Dataset entries START

text \<open>
  By the mean value theorem and Hoelder's inequality \<open>\<bar>a \<bullet> h\<bar> \<le> \<parallel>a\<parallel>\<^sub>1 \<parallel>h\<parallel>\<^sub>\<infinity>\<close>,
  \<open>\<ell>\<^sub>\<infinity>\<close>-smoothness gives the descent inequality
  \<open>f (y + h) \<le> f y + g y \<bullet> h + L/2 \<parallel>h\<parallel>\<^sub>\<infinity>\<^sup>2\<close>. The step \<open>h = -\<alpha> \<parallel>g\<parallel>\<^sub>1 sign g\<close> has
  \<open>g \<bullet> h = -\<alpha> \<parallel>g\<parallel>\<^sub>1\<^sup>2\<close> and \<open>\<parallel>h\<parallel>\<^sub>\<infinity> \<le> \<alpha> \<parallel>g\<parallel>\<^sub>1\<close>, so every iteration decreases \<open>f\<close>
  by at least \<open>\<gamma> \<parallel>g\<^sub>k\<parallel>\<^sub>1\<^sup>2\<close>. Summing these decreases bounds the smallest gradient;
  under the PL inequality each decrease is a contraction of \<open>f (x\<^sub>k) - f\<^sup>*\<close> by \<open>\<zeta>\<close>.
  Strong convexity implies PL (minimise its quadratic lower bound in \<open>\<parallel>x - y\<parallel>\<^sub>\<infinity>\<close>)
  and, compared with the descent inequality, \<open>\<mu> \<le> L\<close>, which forces \<open>\<zeta> \<ge> 0\<close>.
\<close>

lemma abs_component_le_norminf: "\<bar>h $ i\<bar> \<le> norminf h"
  unfolding norminf_def by (rule Max_ge) auto

lemma norminf_attained: "\<exists>i. norminf h = \<bar>h $ i\<bar>"
proof -
  have "norminf h \<in> range (\<lambda>i. \<bar>h $ i\<bar>)"
    unfolding norminf_def by (rule Max_in) auto
  then show ?thesis by auto
qed

lemma norminf_nonneg: "0 \<le> norminf h"
  using abs_component_le_norminf abs_ge_zero order_trans by blast

lemma norminf_leI: "(\<And>i. \<bar>h $ i\<bar> \<le> B) \<Longrightarrow> norminf h \<le> B"
  using norminf_attained[of h] by metis

lemma norminf_one [simp]: "norminf (1 :: real ^ 'n) = 1"
  using norminf_attained[of "1 :: real ^ 'n"] by auto

lemma norminf_scaleR: "norminf (c *\<^sub>R h) = \<bar>c\<bar> * norminf h"
proof (rule antisym)
  show "norminf (c *\<^sub>R h) \<le> \<bar>c\<bar> * norminf h"
    by (rule norminf_leI) (simp add: abs_mult mult_left_mono abs_component_le_norminf)
  obtain j where "norminf h = \<bar>h $ j\<bar>"
    using norminf_attained by blast
  then show "\<bar>c\<bar> * norminf h \<le> norminf (c *\<^sub>R h)"
    using abs_component_le_norminf[of "c *\<^sub>R h" j] by (simp add: abs_mult)
qed

lemma abs_inner_le_norm1_norminf: "\<bar>a \<bullet> h\<bar> \<le> norm1 a * norminf h"
proof -
  have "\<bar>a \<bullet> h\<bar> = \<bar>\<Sum>i\<in>UNIV. a $ i * h $ i\<bar>"
    by (simp add: inner_vec_def)
  also have "\<dots> \<le> (\<Sum>i\<in>UNIV. \<bar>a $ i\<bar> * norminf h)"
    by (rule order_trans[OF sum_abs], rule sum_mono)
       (simp add: abs_mult mult_left_mono abs_component_le_norminf)
  also have "\<dots> = norm1 a * norminf h"
    by (simp add: norm1_def sum_distrib_right)
  finally show ?thesis .
qed

lemma inner_scaleR_sgnv: "a \<bullet> (c *\<^sub>R sgnv a) = c * norm1 a"
  by (simp add: inner_vec_def sgnv_def norm1_def sum_distrib_left mult.left_commute abs_sgn)

lemma norminf_scaleR_sgnv_le: "norminf (c *\<^sub>R sgnv a) \<le> \<bar>c\<bar>"
  by (rule norminf_leI) (simp add: sgnv_def abs_mult sgn_real_def)

locale linf_smooth =
  fixes f :: "real ^ 'n \<Rightarrow> real" and g :: "real ^ 'n \<Rightarrow> real ^ 'n" and L :: real
  assumes has_gradient: "\<And>y. (f has_derivative (\<lambda>h. g y \<bullet> h)) (at y)"
    and L_nonneg: "0 \<le> L"
    and gradient_lipschitz: "\<And>y z. norm1 (g y - g z) \<le> L * norminf (y - z)"
begin

lemma has_real_derivative_along_line:
  "((\<lambda>t. f (y + t *\<^sub>R h)) has_real_derivative (g (y + t *\<^sub>R h) \<bullet> h)) (at t)"
proof -
  have "((\<lambda>t. f (y + t *\<^sub>R h)) has_derivative (\<lambda>s. g (y + t *\<^sub>R h) \<bullet> (s *\<^sub>R h))) (at t)"
    by (rule has_derivative_compose[OF _ has_gradient, where f = "\<lambda>t. y + t *\<^sub>R h", simplified])
       (auto intro!: derivative_eq_intros)
  then show ?thesis
    unfolding has_field_derivative_def by (simp add: mult.commute[of _ "g (y + t *\<^sub>R h) \<bullet> h"])
qed

lemma descent_inequality: "f (y + h) \<le> f y + g y \<bullet> h + L / 2 * (norminf h)\<^sup>2"
proof -
  define N where "N = norminf h"
  define \<phi> where "\<phi> t = f (y + t *\<^sub>R h) - t * (g y \<bullet> h) - L / 2 * t\<^sup>2 * N\<^sup>2" for t
  have derivative: "(\<phi> has_real_derivative (g (y + t *\<^sub>R h) \<bullet> h - g y \<bullet> h - L * t * N\<^sup>2)) (at t)" for t
    unfolding \<phi>_def using has_real_derivative_along_line
    by (auto intro!: derivative_eq_intros simp: power2_eq_square)
  then obtain t where t: "0 < t" "t < 1"
    and mvt: "\<phi> 1 - \<phi> 0 = g (y + t *\<^sub>R h) \<bullet> h - g y \<bullet> h - L * t * N\<^sup>2"
    using MVT2[of 0 1 \<phi>, OF _ derivative] by auto
  have "g (y + t *\<^sub>R h) \<bullet> h - g y \<bullet> h = (g (y + t *\<^sub>R h) - g y) \<bullet> h"
    by (simp add: inner_diff_left)
  also have "\<dots> \<le> norm1 (g (y + t *\<^sub>R h) - g y) * N"
    unfolding N_def using abs_inner_le_norm1_norminf abs_le_D1 by blast
  also have "\<dots> \<le> L * norminf (t *\<^sub>R h) * N"
    using gradient_lipschitz[of "y + t *\<^sub>R h" y] by (simp add: N_def mult_right_mono norminf_nonneg)
  also have "\<dots> = L * t * N\<^sup>2"
    using t by (simp add: norminf_scaleR N_def power2_eq_square)
  finally have "\<phi> 1 \<le> \<phi> 0"
    using mvt by simp
  then show ?thesis
    unfolding \<phi>_def N_def by simp
qed
(* Fix a protocol in the totally quasi-ordered population protocol model $\mathrm{POP}^{\precsim}$, with finite state set $Q$, totally ordered color set $\mathbb{D}$, and transition function $\delta:Q^2\times\{<,=,>\}\to Q^2$. Let $\to$ be its transition relation and $\le$ the subconfiguration relation described below. Then $\le$ is a well-quasi-order on configurations and $\to$ is compatible with $\le$; that is, (configurations, $\le$, $\to$) is a well-structured transition system.
   Context: In $\mathrm{POP}^{\precsim}$, a configuration with $n$ agents is a sequence $((q_1,d_1),\dots,(q_n,d_n))\in(Q\times\mathbb{D})^n$ with $d_1\le d_2\le\dots\le d_n$ (agents sorted by color; $q_i$ is the mutable state, $d_i$ the immutable hidden color). A transition chooses an ordered pair $(i,j)$ of distinct agents (initiator $i$, responder $j$) and replaces $(q_i,q_j)$ by $\delta(q_i,q_j,r)$, where $r\in\{<,=,>\}$ is the result of comparing $d_i$ with $d_j$; all other components are unchanged. The subconfiguration relation: for configurations $s=((q_i,d_i))_{i\le m}$ and $t=((q'_i,d'_i))_{i\le m'}$, $s\le t$ iff there is a strictly increasing $f:\{1,\dots,m\}\to\{1,\dots,m'\}$ with $q_i=q'_{f(i)}$ for all $i$ and, for all $i,j$, $d_i\le d_j$ iff $d'_{f(i)}\le d'_{f(j)}$. A well-quasi-order is a reflexive transitive relation such that every infinite sequence $x_0,x_1,\dots$ has $i<j$ with $x_i\le x_j$. Compatibility means: whenever $s\to s'$ and $s\le t$, there exists $t'$ with $t\to t'$ and $s'\le t'$. *)

theory Defs
  imports Main
begin

datatype cmp = Lt | Eq | Gt

definition compare :: "'d::linorder \<Rightarrow> 'd \<Rightarrow> cmp" where
  "compare x y = (if x < y then Lt else if x = y then Eq else Gt)"

definition is_config :: "('q \<times> 'd::linorder) list \<Rightarrow> bool" where
  "is_config c \<longleftrightarrow> sorted (map snd c)"

(* One transition of the protocol with transition function delta:
   initiator i, responder j (distinct, 0-based indices) *)
definition step ::
  "('q \<Rightarrow> 'q \<Rightarrow> cmp \<Rightarrow> 'q \<times> 'q) \<Rightarrow> ('q \<times> 'd::linorder) list \<Rightarrow> ('q \<times> 'd) list \<Rightarrow> bool" where
  "step delta c c' \<longleftrightarrow>
     (\<exists>i j. i < length c \<and> j < length c \<and> i \<noteq> j \<and>
        (let (qi, di) = c ! i; (qj, dj) = c ! j;
             (qi', qj') = delta qi qj (compare di dj)
         in c' = c[i := (qi', di), j := (qj', dj)]))"

definition subconf :: "('q \<times> 'd::linorder) list \<Rightarrow> ('q \<times> 'd) list \<Rightarrow> bool" where
  "subconf s t \<longleftrightarrow>
     (\<exists>f::nat \<Rightarrow> nat.
        strict_mono_on {..<length s} f \<and>
        (\<forall>i<length s. f i < length t) \<and>
        (\<forall>i<length s. fst (s ! i) = fst (t ! f i)) \<and>
        (\<forall>i<length s. \<forall>j<length s.
            (snd (s ! i) \<le> snd (s ! j)) \<longleftrightarrow> (snd (t ! f i) \<le> snd (t ! f j))))"

definition wqo_on :: "('a \<Rightarrow> 'a \<Rightarrow> bool) \<Rightarrow> 'a set \<Rightarrow> bool" where
  "wqo_on le A \<longleftrightarrow>
     (\<forall>x\<in>A. le x x) \<and>
     (\<forall>x\<in>A. \<forall>y\<in>A. \<forall>z\<in>A. le x y \<longrightarrow> le y z \<longrightarrow> le x z) \<and>
     (\<forall>X::nat \<Rightarrow> 'a. (\<forall>k. X k \<in> A) \<longrightarrow> (\<exists>i j. i < j \<and> le (X i) (X j)))"

definition compatible_on ::
  "('a \<Rightarrow> 'a \<Rightarrow> bool) \<Rightarrow> ('a \<Rightarrow> 'a \<Rightarrow> bool) \<Rightarrow> 'a set \<Rightarrow> bool" where
  "compatible_on le tr A \<longleftrightarrow>
     (\<forall>s\<in>A. \<forall>s' t. t \<in> A \<longrightarrow> tr s s' \<longrightarrow> le s t \<longrightarrow>
        (\<exists>t'. tr t t' \<and> le s' t'))"

end

theory Submission
  imports Defs "HOL-Library.Ramsey" "HOL-Library.Sublist"
begin

(* A configuration is a strictly colour-increasing list of blocks, each block being the word of
   states of the agents of one colour.  Since Q is finite, Higman's lemma (proved by Nash-Williams'
   minimal bad sequence argument), applied once to the words of a block and once to the lists of
   blocks, gives for every infinite sequence of configurations indices i < j such that the blocks
   of the i-th configuration embed, in order and each as a subword, into the blocks of the j-th.
   The induced map on colours is strictly increasing, so the i-th configuration is a
   subconfiguration of the j-th.
   Compatibility: the embedding f of s into t preserves states and colour comparisons, so the
   interaction of agents i and j in s is simulated by that of f i and f j in t. *)

section \<open>Almost-full relations and Higman's lemma\<close>

definition good :: "('a \<Rightarrow> 'a \<Rightarrow> bool) \<Rightarrow> (nat \<Rightarrow> 'a) \<Rightarrow> bool" where
  "good P X \<longleftrightarrow> (\<exists>i j. i < j \<and> P (X i) (X j))"

definition almost_full :: "('a \<Rightarrow> 'a \<Rightarrow> bool) \<Rightarrow> bool" where
  "almost_full P \<longleftrightarrow> (\<forall>X. good P X)"

lemma almost_full_eq_finite: "almost_full ((=) :: 'a::finite \<Rightarrow> 'a \<Rightarrow> bool)"
  unfolding almost_full_def good_def
proof
  fix X :: "nat \<Rightarrow> 'a"
  have "\<not> inj X"
    using finite_imageD[of X UNIV] infinite_UNIV_nat by auto
  then obtain i j where "i \<noteq> j" "X i = X j"
    by (auto simp: inj_def)
  then show "\<exists>i j. i < j \<and> X i = X j"
    by (metis linorder_neq_iff)
qed

lemma almost_full_comp: "almost_full P \<Longrightarrow> almost_full (\<lambda>x y. P (f x) (f y))"
  unfolding almost_full_def good_def by (metis comp_apply)

lemma almost_full_homogeneous_subseq:
  assumes "almost_full P"
  obtains \<phi> :: "nat \<Rightarrow> nat" where "strict_mono \<phi>" "\<And>i j. i < j \<Longrightarrow> P (X (\<phi> i)) (X (\<phi> j))"
proof -
  define colour where "colour S = (if P (X (Min S)) (X (Max S)) then 0 else 1::nat)" for S
  have "\<forall>x\<in>UNIV. \<forall>y\<in>UNIV. x \<noteq> y \<longrightarrow> colour {x, y} < 2"
    by (simp add: colour_def)
  from Ramsey2[OF infinite_UNIV_nat this] obtain Y t
    where Y: "infinite Y" and t: "\<forall>x\<in>Y. \<forall>y\<in>Y. x \<noteq> y \<longrightarrow> colour {x, y} = t"
    by blast
  define \<phi> where "\<phi> = enumerate Y"
  have mono: "strict_mono \<phi>"
    using Y by (simp add: \<phi>_def strict_mono_def enumerate_mono)
  have colour_\<phi>: "(if P (X (\<phi> i)) (X (\<phi> j)) then 0 else 1) = t" if "i < j" for i j
  proof -
    have "\<phi> i < \<phi> j" "\<phi> i \<in> Y" "\<phi> j \<in> Y"
      using strict_monoD[OF mono that] enumerate_in_set[OF Y] by (auto simp: \<phi>_def)
    then show ?thesis
      using t by (force simp: colour_def)
  qed
  have "t = 0"
  proof (rule ccontr)
    assume "t \<noteq> 0"
    then have "\<not> good P (X \<circ> \<phi>)"
      using colour_\<phi> by (fastforce simp: good_def split: if_splits)
    with assms show False
      by (simp add: almost_full_def)
  qed
  with colour_\<phi> mono that show ?thesis
    by (metis one_neq_zero)
qed

lemma bad_seq_minimal_extension:
  fixes weight :: "'a \<Rightarrow> nat"
  assumes "\<not> good P Z"
  obtains Y where "\<not> good P Y" "\<forall>i<n. Y i = Z i"
    "\<And>W. \<not> good P W \<Longrightarrow> \<forall>i<n. W i = Z i \<Longrightarrow> weight (Y n) \<le> weight (W n)"
proof -
  obtain Y where "\<not> good P Y \<and> (\<forall>i<n. Y i = Z i)"
    and "\<forall>W. \<not> good P W \<and> (\<forall>i<n. W i = Z i) \<longrightarrow> weight (Y n) \<le> weight (W n)"
    using ex_has_least_nat[of "\<lambda>Y. \<not> good P Y \<and> (\<forall>i<n. Y i = Z i)" Z "\<lambda>Y. weight (Y n)"] assms
    by blast
  with that show ?thesis
    by blast
qed

lemma minimal_bad_seq:
  fixes weight :: "'a \<Rightarrow> nat"
  assumes "\<not> good P X"
  obtains M where "\<not> good P M"
    "\<And>n W. \<not> good P W \<Longrightarrow> \<forall>i<n. W i = M i \<Longrightarrow> weight (M n) \<le> weight (W n)"
proof -
  define minimal_ext where "minimal_ext n Z Y \<longleftrightarrow> \<not> good P Y \<and> (\<forall>i<n. Y i = Z i) \<and>
    (\<forall>W. \<not> good P W \<and> (\<forall>i<n. W i = Z i) \<longrightarrow> weight (Y n) \<le> weight (W n))" for n Z Y
  define ext where "ext n Z = (SOME Y. minimal_ext n Z Y)" for n Z
  have ext: "minimal_ext n Z (ext n Z)" if bad: "\<not> good P Z" for n Z
  proof -
    obtain Y where "\<not> good P Y" "\<forall>i<n. Y i = Z i"
      "\<And>W. \<not> good P W \<Longrightarrow> \<forall>i<n. W i = Z i \<Longrightarrow> weight (Y n) \<le> weight (W n)"
      using bad_seq_minimal_extension[OF bad, of n weight] by blast
    then have "minimal_ext n Z Y"
      by (simp add: minimal_ext_def)
    then show ?thesis
      unfolding ext_def by (rule someI[where P = "minimal_ext n Z"])
  qed
  define seq where "seq = rec_nat (ext 0 X) (\<lambda>n Z. ext (Suc n) Z)"
  have seq_0: "seq 0 = ext 0 X" and seq_Suc: "seq (Suc n) = ext (Suc n) (seq n)" for n
    by (simp_all add: seq_def)
  have seq_bad: "\<not> good P (seq n)" for n
    by (induction n) (use ext assms in \<open>auto simp: seq_0 seq_Suc minimal_ext_def\<close>)
  have seq_stable: "seq (n + k) i = seq n i" if "i \<le> n" for n k i
    using that by (induction k) (use ext seq_bad in \<open>auto simp: seq_Suc minimal_ext_def\<close>)
  define M where "M i = seq i i" for i
  have M_seq: "M i = seq n i" if "i \<le> n" for i n
    using seq_stable[of i i "n - i"] that by (simp add: M_def)
  show ?thesis
  proof
    show "\<not> good P M"
    proof
      assume "good P M"
      then obtain i j where "i < j" "P (M i) (M j)"
        by (auto simp: good_def)
      then have "good P (seq j)"
        using M_seq[of i j] M_seq[of j j] by (auto simp: good_def)
      with seq_bad show False
        by blast
    qed
  next
    fix n W assume W: "\<not> good P W" "\<forall>i<n. W i = M i"
    show "weight (M n) \<le> weight (W n)"
    proof (cases n)
      case 0
      then show ?thesis
        using ext[OF assms, of 0] W by (simp add: M_def seq_0 minimal_ext_def)
    next
      case (Suc m)
      then have "\<forall>i<n. W i = seq m i"
        using W(2) M_seq by simp
      then show ?thesis
        using ext[OF seq_bad[of m], of n] W(1) Suc by (simp add: M_def seq_Suc minimal_ext_def)
    qed
  qed
qed

lemma good_list_emb_if_good_tails:
  assumes "strict_mono \<phi>" and heads: "\<And>i j. i < j \<Longrightarrow> P (hd (M (\<phi> i))) (hd (M (\<phi> j)))"
    and M_ne: "\<And>i. M i \<noteq> []"
    and "good (list_emb P) (\<lambda>k. if k < \<phi> 0 then M k else tl (M (\<phi> (k - \<phi> 0))))"
  shows "good (list_emb P) M"
proof -
  define n where "n = \<phi> 0"
  have \<phi>_ge: "n \<le> \<phi> k" for k
    using assms(1) by (simp add: n_def strict_mono_less_eq)
  obtain i j where "i < j"
    and ij: "list_emb P (if i < n then M i else tl (M (\<phi> (i - n))))
      (if j < n then M j else tl (M (\<phi> (j - n))))"
    using assms(4) unfolding good_def n_def[symmetric] by blast
  consider "j < n" | "i < n" "n \<le> j" | "n \<le> i"
    using \<open>i < j\<close> by linarith
  then show ?thesis
  proof cases
    case 1
    then show ?thesis
      using \<open>i < j\<close> ij by (auto simp: good_def)
  next
    case 2
    then have "list_emb P (M i) (tl (M (\<phi> (j - n))))"
      using ij by simp
    from list_emb_Cons[OF this, of "hd (M (\<phi> (j - n)))"] have "list_emb P (M i) (M (\<phi> (j - n)))"
      by (simp add: M_ne)
    moreover have "i < \<phi> (j - n)"
      using 2 \<phi>_ge[of "j - n"] by linarith
    ultimately show ?thesis
      unfolding good_def by blast
  next
    case 3
    then have i_j: "i - n < j - n"
      using \<open>i < j\<close> by simp
    have "list_emb P (tl (M (\<phi> (i - n)))) (tl (M (\<phi> (j - n))))"
      using ij 3 \<open>i < j\<close> by simp
    from list_emb_Cons2[OF heads[OF i_j] this] have "list_emb P (M (\<phi> (i - n))) (M (\<phi> (j - n)))"
      by (simp add: M_ne)
    then show ?thesis
      using strict_monoD[OF assms(1) i_j] by (auto simp: good_def)
  qed
qed

theorem almost_full_list_emb:
  assumes "almost_full P"
  shows "almost_full (list_emb P)"
  unfolding almost_full_def
proof (rule allI, rule ccontr)
  fix X assume "\<not> good (list_emb P) X"
  then obtain M where bad: "\<not> good (list_emb P) M"
    and minimal: "\<And>n W. \<not> good (list_emb P) W \<Longrightarrow> \<forall>i<n. W i = M i \<Longrightarrow> length (M n) \<le> length (W n)"
    using minimal_bad_seq[of "list_emb P" X length] by blast
  have M_ne: "M i \<noteq> []" for i
    using bad by (metis good_def lessI list_emb_Nil)
  obtain \<phi> :: "nat \<Rightarrow> nat" where \<phi>: "strict_mono \<phi>"
    and heads: "\<And>i j. i < j \<Longrightarrow> P (hd (M (\<phi> i))) (hd (M (\<phi> j)))"
    using almost_full_homogeneous_subseq[OF assms, of "\<lambda>i. hd (M i)"] by blast
  \<comment> \<open>Dropping the heads of the homogeneous subsequence gives a sequence below the minimal bad \<open>M\<close>.\<close>
  define W where "W k = (if k < \<phi> 0 then M k else tl (M (\<phi> (k - \<phi> 0))))" for k
  have "\<forall>i<\<phi> 0. W i = M i" "length (W (\<phi> 0)) < length (M (\<phi> 0))"
    using M_ne by (simp_all add: W_def)
  then have "good (list_emb P) W"
    using minimal[of W "\<phi> 0"] by fastforce
  with bad show False
    using good_list_emb_if_good_tails[of \<phi> P M, OF \<phi> heads M_ne] by (simp add: W_def[abs_def])
qed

Dataset entries END

What are the lines, exactly as written above, from the line with "with seq_bad show False" to the line with "using assms(1) by", both included? Output only those.

      with seq_bad show False
        by blast
    qed
  next
    fix n W assume W: "\<not> good P W" "\<forall>i<n. W i = M i"
    show "weight (M n) \<le> weight (W n)"
    proof (cases n)
      case 0
      then show ?thesis
        using ext[OF assms, of 0] W by (simp add: M_def seq_0 minimal_ext_def)
    next
      case (Suc m)
      then have "\<forall>i<n. W i = seq m i"
        using W(2) M_seq by simp
      then show ?thesis
        using ext[OF seq_bad[of m], of n] W(1) Suc by (simp add: M_def seq_Suc minimal_ext_def)
    qed
  qed
qed

lemma good_list_emb_if_good_tails:
  assumes "strict_mono \<phi>" and heads: "\<And>i j. i < j \<Longrightarrow> P (hd (M (\<phi> i))) (hd (M (\<phi> j)))"
    and M_ne: "\<And>i. M i \<noteq> []"
    and "good (list_emb P) (\<lambda>k. if k < \<phi> 0 then M k else tl (M (\<phi> (k - \<phi> 0))))"
  shows "good (list_emb P) M"
proof -
  define n where "n = \<phi> 0"
  have \<phi>_ge: "n \<le> \<phi> k" for k
    using assms(1) by (simp add: n_def strict_mono_less_eq)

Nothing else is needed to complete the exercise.